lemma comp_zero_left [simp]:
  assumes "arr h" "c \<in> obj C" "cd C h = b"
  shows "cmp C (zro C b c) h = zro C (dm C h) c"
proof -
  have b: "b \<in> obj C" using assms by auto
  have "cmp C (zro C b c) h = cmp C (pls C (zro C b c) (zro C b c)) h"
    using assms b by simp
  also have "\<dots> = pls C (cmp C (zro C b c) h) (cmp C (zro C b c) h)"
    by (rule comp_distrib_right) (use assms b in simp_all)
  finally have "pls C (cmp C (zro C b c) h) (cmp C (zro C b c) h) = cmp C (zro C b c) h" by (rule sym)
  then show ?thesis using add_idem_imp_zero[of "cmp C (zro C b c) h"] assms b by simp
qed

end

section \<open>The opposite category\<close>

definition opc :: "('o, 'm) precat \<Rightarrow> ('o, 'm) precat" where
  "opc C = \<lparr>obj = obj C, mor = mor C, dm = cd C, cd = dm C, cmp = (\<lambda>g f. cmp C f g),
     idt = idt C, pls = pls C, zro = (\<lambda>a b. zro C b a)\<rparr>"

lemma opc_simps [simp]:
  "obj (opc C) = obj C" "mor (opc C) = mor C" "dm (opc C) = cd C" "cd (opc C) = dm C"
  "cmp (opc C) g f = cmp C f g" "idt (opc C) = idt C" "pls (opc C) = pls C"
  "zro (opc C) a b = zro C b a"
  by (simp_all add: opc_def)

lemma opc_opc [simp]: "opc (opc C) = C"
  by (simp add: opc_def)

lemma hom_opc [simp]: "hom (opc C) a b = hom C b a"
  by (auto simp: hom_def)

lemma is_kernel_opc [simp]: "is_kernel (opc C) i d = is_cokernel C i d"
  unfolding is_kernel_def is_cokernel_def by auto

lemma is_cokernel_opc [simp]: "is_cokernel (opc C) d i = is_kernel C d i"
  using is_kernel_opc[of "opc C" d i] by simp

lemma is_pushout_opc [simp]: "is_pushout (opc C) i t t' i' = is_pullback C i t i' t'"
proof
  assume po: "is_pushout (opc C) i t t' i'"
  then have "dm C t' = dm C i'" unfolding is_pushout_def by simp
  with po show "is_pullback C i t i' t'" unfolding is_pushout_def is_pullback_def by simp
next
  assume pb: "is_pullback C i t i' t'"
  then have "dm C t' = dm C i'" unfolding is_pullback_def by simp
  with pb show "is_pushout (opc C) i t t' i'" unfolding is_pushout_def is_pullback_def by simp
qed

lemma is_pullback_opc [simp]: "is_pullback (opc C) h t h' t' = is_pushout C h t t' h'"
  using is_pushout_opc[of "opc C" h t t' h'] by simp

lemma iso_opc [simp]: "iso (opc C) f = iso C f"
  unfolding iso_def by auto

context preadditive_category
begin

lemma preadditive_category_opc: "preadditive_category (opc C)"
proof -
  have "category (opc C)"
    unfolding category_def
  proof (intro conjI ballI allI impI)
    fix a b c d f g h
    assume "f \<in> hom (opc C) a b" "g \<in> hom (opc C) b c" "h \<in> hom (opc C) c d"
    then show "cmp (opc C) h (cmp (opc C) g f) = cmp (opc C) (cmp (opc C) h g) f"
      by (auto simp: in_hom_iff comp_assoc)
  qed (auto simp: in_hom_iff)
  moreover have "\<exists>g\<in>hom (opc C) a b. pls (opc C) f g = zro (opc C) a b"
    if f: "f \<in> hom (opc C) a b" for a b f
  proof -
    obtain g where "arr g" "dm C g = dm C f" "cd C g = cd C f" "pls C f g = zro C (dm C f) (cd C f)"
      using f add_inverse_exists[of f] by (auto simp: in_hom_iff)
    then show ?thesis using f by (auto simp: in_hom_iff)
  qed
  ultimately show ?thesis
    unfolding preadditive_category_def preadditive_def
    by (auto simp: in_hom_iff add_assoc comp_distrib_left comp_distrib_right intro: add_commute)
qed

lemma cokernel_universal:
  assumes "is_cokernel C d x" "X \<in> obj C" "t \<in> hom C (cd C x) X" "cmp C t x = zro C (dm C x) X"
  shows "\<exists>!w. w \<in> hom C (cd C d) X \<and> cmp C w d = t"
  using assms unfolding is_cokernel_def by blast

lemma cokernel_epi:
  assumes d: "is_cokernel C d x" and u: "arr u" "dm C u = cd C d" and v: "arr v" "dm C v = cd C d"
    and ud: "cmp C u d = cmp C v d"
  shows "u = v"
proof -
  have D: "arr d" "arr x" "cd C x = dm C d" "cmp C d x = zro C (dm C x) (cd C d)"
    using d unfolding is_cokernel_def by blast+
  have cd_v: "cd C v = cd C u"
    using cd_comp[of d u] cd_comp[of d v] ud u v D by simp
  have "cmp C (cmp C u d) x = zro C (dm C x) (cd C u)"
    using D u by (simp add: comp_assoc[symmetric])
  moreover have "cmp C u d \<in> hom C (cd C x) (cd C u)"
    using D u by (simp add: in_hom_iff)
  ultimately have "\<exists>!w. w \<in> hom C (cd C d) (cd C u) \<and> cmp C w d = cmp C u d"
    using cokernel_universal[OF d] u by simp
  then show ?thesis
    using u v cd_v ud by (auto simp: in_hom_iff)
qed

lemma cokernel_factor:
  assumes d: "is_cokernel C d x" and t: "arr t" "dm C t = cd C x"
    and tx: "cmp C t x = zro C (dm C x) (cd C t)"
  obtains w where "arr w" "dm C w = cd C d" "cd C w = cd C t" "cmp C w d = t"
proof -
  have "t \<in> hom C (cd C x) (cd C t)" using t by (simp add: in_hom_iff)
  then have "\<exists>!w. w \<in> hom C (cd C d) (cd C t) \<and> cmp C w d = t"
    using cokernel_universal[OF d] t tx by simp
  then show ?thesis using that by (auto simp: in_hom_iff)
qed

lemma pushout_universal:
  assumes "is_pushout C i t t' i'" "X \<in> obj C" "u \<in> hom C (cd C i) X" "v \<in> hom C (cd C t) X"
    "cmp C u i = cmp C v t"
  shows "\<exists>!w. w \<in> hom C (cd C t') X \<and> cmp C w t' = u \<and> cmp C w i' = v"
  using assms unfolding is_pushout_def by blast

□ □ □ □ □ □ □

Return all of the entries word for word.

lemma comp_zero_left [simp]:
  assumes "arr h" "c \<in> obj C" "cd C h = b"
  shows "cmp C (zro C b c) h = zro C (dm C h) c"
proof -
  have b: "b \<in> obj C" using assms by auto
  have "cmp C (zro C b c) h = cmp C (pls C (zro C b c) (zro C b c)) h"
    using assms b by simp
  also have "\<dots> = pls C (cmp C (zro C b c) h) (cmp C (zro C b c) h)"
    by (rule comp_distrib_right) (use assms b in simp_all)
  finally have "pls C (cmp C (zro C b c) h) (cmp C (zro C b c) h) = cmp C (zro C b c) h" by (rule sym)
  then show ?thesis using add_idem_imp_zero[of "cmp C (zro C b c) h"] assms b by simp
qed

end

section \<open>The opposite category\<close>

definition opc :: "('o, 'm) precat \<Rightarrow> ('o, 'm) precat" where
  "opc C = \<lparr>obj = obj C, mor = mor C, dm = cd C, cd = dm C, cmp = (\<lambda>g f. cmp C f g),
     idt = idt C, pls = pls C, zro = (\<lambda>a b. zro C b a)\<rparr>"

lemma opc_simps [simp]:
  "obj (opc C) = obj C" "mor (opc C) = mor C" "dm (opc C) = cd C" "cd (opc C) = dm C"
  "cmp (opc C) g f = cmp C f g" "idt (opc C) = idt C" "pls (opc C) = pls C"
  "zro (opc C) a b = zro C b a"
  by (simp_all add: opc_def)

lemma opc_opc [simp]: "opc (opc C) = C"
  by (simp add: opc_def)

lemma hom_opc [simp]: "hom (opc C) a b = hom C b a"
  by (auto simp: hom_def)

lemma is_kernel_opc [simp]: "is_kernel (opc C) i d = is_cokernel C i d"
  unfolding is_kernel_def is_cokernel_def by auto

lemma is_cokernel_opc [simp]: "is_cokernel (opc C) d i = is_kernel C d i"
  using is_kernel_opc[of "opc C" d i] by simp

lemma is_pushout_opc [simp]: "is_pushout (opc C) i t t' i' = is_pullback C i t i' t'"
proof
  assume po: "is_pushout (opc C) i t t' i'"
  then have "dm C t' = dm C i'" unfolding is_pushout_def by simp
  with po show "is_pullback C i t i' t'" unfolding is_pushout_def is_pullback_def by simp
next
  assume pb: "is_pullback C i t i' t'"
  then have "dm C t' = dm C i'" unfolding is_pullback_def by simp
  with pb show "is_pushout (opc C) i t t' i'" unfolding is_pushout_def is_pullback_def by simp
qed

lemma is_pullback_opc [simp]: "is_pullback (opc C) h t h' t' = is_pushout C h t t' h'"
  using is_pushout_opc[of "opc C" h t t' h'] by simp

lemma iso_opc [simp]: "iso (opc C) f = iso C f"
  unfolding iso_def by auto

context preadditive_category
begin

lemma preadditive_category_opc: "preadditive_category (opc C)"
proof -
  have "category (opc C)"
    unfolding category_def
  proof (intro conjI ballI allI impI)
    fix a b c d f g h
    assume "f \<in> hom (opc C) a b" "g \<in> hom (opc C) b c" "h \<in> hom (opc C) c d"
    then show "cmp (opc C) h (cmp (opc C) g f) = cmp (opc C) (cmp (opc C) h g) f"
      by (auto simp: in_hom_iff comp_assoc)
  qed (auto simp: in_hom_iff)
  moreover have "\<exists>g\<in>hom (opc C) a b. pls (opc C) f g = zro (opc C) a b"
    if f: "f \<in> hom (opc C) a b" for a b f
  proof -
    obtain g where "arr g" "dm C g = dm C f" "cd C g = cd C f" "pls C f g = zro C (dm C f) (cd C f)"
      using f add_inverse_exists[of f] by (auto simp: in_hom_iff)
    then show ?thesis using f by (auto simp: in_hom_iff)
  qed
  ultimately show ?thesis
    unfolding preadditive_category_def preadditive_def
    by (auto simp: in_hom_iff add_assoc comp_distrib_left comp_distrib_right intro: add_commute)
qed

lemma cokernel_universal:
  assumes "is_cokernel C d x" "X \<in> obj C" "t \<in> hom C (cd C x) X" "cmp C t x = zro C (dm C x) X"
  shows "\<exists>!w. w \<in> hom C (cd C d) X \<and> cmp C w d = t"
  using assms unfolding is_cokernel_def by blast

lemma cokernel_epi:
  assumes d: "is_cokernel C d x" and u: "arr u" "dm C u = cd C d" and v: "arr v" "dm C v = cd C d"
    and ud: "cmp C u d = cmp C v d"
  shows "u = v"
proof -
  have D: "arr d" "arr x" "cd C x = dm C d" "cmp C d x = zro C (dm C x) (cd C d)"
    using d unfolding is_cokernel_def by blast+
  have cd_v: "cd C v = cd C u"
    using cd_comp[of d u] cd_comp[of d v] ud u v D by simp
  have "cmp C (cmp C u d) x = zro C (dm C x) (cd C u)"
    using D u by (simp add: comp_assoc[symmetric])
  moreover have "cmp C u d \<in> hom C (cd C x) (cd C u)"
    using D u by (simp add: in_hom_iff)
  ultimately have "\<exists>!w. w \<in> hom C (cd C d) (cd C u) \<and> cmp C w d = cmp C u d"
    using cokernel_universal[OF d] u by simp
  then show ?thesis
    using u v cd_v ud by (auto simp: in_hom_iff)
qed

lemma cokernel_factor:
  assumes d: "is_cokernel C d x" and t: "arr t" "dm C t = cd C x"
    and tx: "cmp C t x = zro C (dm C x) (cd C t)"
  obtains w where "arr w" "dm C w = cd C d" "cd C w = cd C t" "cmp C w d = t"
proof -
  have "t \<in> hom C (cd C x) (cd C t)" using t by (simp add: in_hom_iff)
  then have "\<exists>!w. w \<in> hom C (cd C d) (cd C t) \<and> cmp C w d = t"
    using cokernel_universal[OF d] t tx by simp
  then show ?thesis using that by (auto simp: in_hom_iff)
qed

lemma pushout_universal:
  assumes "is_pushout C i t t' i'" "X \<in> obj C" "u \<in> hom C (cd C i) X" "v \<in> hom C (cd C t) X"
    "cmp C u i = cmp C v t"
  shows "\<exists>!w. w \<in> hom C (cd C t') X \<and> cmp C w t' = u \<and> cmp C w i' = v"
  using assms unfolding is_pushout_def by blast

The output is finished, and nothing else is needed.